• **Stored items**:
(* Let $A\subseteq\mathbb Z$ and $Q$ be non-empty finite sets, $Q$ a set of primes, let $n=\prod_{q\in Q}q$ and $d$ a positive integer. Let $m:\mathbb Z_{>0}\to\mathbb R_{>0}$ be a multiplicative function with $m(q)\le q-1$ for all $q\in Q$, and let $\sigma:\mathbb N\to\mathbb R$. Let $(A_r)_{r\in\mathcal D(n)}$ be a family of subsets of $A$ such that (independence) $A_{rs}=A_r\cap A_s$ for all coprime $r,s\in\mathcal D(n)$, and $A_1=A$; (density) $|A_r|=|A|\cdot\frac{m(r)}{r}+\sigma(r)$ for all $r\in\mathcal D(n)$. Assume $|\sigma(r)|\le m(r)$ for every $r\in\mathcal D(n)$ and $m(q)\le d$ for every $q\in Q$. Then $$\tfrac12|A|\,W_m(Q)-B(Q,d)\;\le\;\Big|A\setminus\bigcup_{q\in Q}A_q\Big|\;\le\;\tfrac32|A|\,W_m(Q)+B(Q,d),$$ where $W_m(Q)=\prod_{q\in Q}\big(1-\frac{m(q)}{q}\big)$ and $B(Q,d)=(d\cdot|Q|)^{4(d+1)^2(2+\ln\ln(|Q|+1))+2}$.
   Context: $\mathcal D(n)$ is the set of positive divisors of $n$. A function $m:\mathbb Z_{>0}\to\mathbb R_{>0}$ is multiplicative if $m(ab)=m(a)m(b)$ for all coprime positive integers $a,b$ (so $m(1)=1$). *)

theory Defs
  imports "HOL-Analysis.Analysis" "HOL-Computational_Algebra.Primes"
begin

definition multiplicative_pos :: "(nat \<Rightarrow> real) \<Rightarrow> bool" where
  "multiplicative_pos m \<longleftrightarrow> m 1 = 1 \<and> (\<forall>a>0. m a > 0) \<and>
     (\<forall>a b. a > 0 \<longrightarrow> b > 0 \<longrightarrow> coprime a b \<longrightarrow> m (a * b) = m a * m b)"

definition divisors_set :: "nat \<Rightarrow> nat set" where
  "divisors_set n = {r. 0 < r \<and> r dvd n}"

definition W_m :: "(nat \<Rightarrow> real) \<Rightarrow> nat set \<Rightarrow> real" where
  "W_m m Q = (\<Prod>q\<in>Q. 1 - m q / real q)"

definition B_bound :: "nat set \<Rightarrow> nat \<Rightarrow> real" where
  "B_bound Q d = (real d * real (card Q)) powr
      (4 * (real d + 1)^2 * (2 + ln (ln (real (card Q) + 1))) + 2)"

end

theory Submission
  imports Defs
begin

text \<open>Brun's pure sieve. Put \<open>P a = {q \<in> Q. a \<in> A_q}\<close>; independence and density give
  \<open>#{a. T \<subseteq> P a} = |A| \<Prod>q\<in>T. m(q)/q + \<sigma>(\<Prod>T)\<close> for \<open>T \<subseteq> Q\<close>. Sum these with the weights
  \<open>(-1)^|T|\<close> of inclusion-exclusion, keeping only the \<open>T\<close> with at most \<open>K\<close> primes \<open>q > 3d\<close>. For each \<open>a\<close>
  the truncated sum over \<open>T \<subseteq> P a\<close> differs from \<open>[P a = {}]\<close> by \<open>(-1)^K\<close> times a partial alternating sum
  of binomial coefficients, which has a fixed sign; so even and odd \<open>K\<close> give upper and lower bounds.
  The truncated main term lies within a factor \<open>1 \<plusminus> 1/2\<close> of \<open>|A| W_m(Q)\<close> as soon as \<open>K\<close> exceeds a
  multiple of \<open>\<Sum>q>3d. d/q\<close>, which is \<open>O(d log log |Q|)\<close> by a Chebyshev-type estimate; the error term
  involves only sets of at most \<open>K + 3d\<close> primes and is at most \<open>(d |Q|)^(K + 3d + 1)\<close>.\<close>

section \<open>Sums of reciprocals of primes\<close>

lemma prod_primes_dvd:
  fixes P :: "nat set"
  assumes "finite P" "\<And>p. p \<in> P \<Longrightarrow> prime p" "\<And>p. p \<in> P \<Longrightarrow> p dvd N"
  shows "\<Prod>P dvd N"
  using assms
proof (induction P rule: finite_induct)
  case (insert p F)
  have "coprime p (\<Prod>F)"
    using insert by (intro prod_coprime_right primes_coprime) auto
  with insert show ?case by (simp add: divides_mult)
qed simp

• **Task brief**:
All lines above from the line with "Context: $\mathcal D(n)$" through the line with "real) \<Rightarrow> nat", both included, are to be set down exactly, with nothing else.

• **Answer for the task**:
   Context: $\mathcal D(n)$ is the set of positive divisors of $n$. A function $m:\mathbb Z_{>0}\to\mathbb R_{>0}$ is multiplicative if $m(ab)=m(a)m(b)$ for all coprime positive integers $a,b$ (so $m(1)=1$). *)

theory Defs
  imports "HOL-Analysis.Analysis" "HOL-Computational_Algebra.Primes"
begin

definition multiplicative_pos :: "(nat \<Rightarrow> real) \<Rightarrow> bool" where
  "multiplicative_pos m \<longleftrightarrow> m 1 = 1 \<and> (\<forall>a>0. m a > 0) \<and>
     (\<forall>a b. a > 0 \<longrightarrow> b > 0 \<longrightarrow> coprime a b \<longrightarrow> m (a * b) = m a * m b)"

definition divisors_set :: "nat \<Rightarrow> nat set" where
  "divisors_set n = {r. 0 < r \<and> r dvd n}"

definition W_m :: "(nat \<Rightarrow> real) \<Rightarrow> nat set \<Rightarrow> real" where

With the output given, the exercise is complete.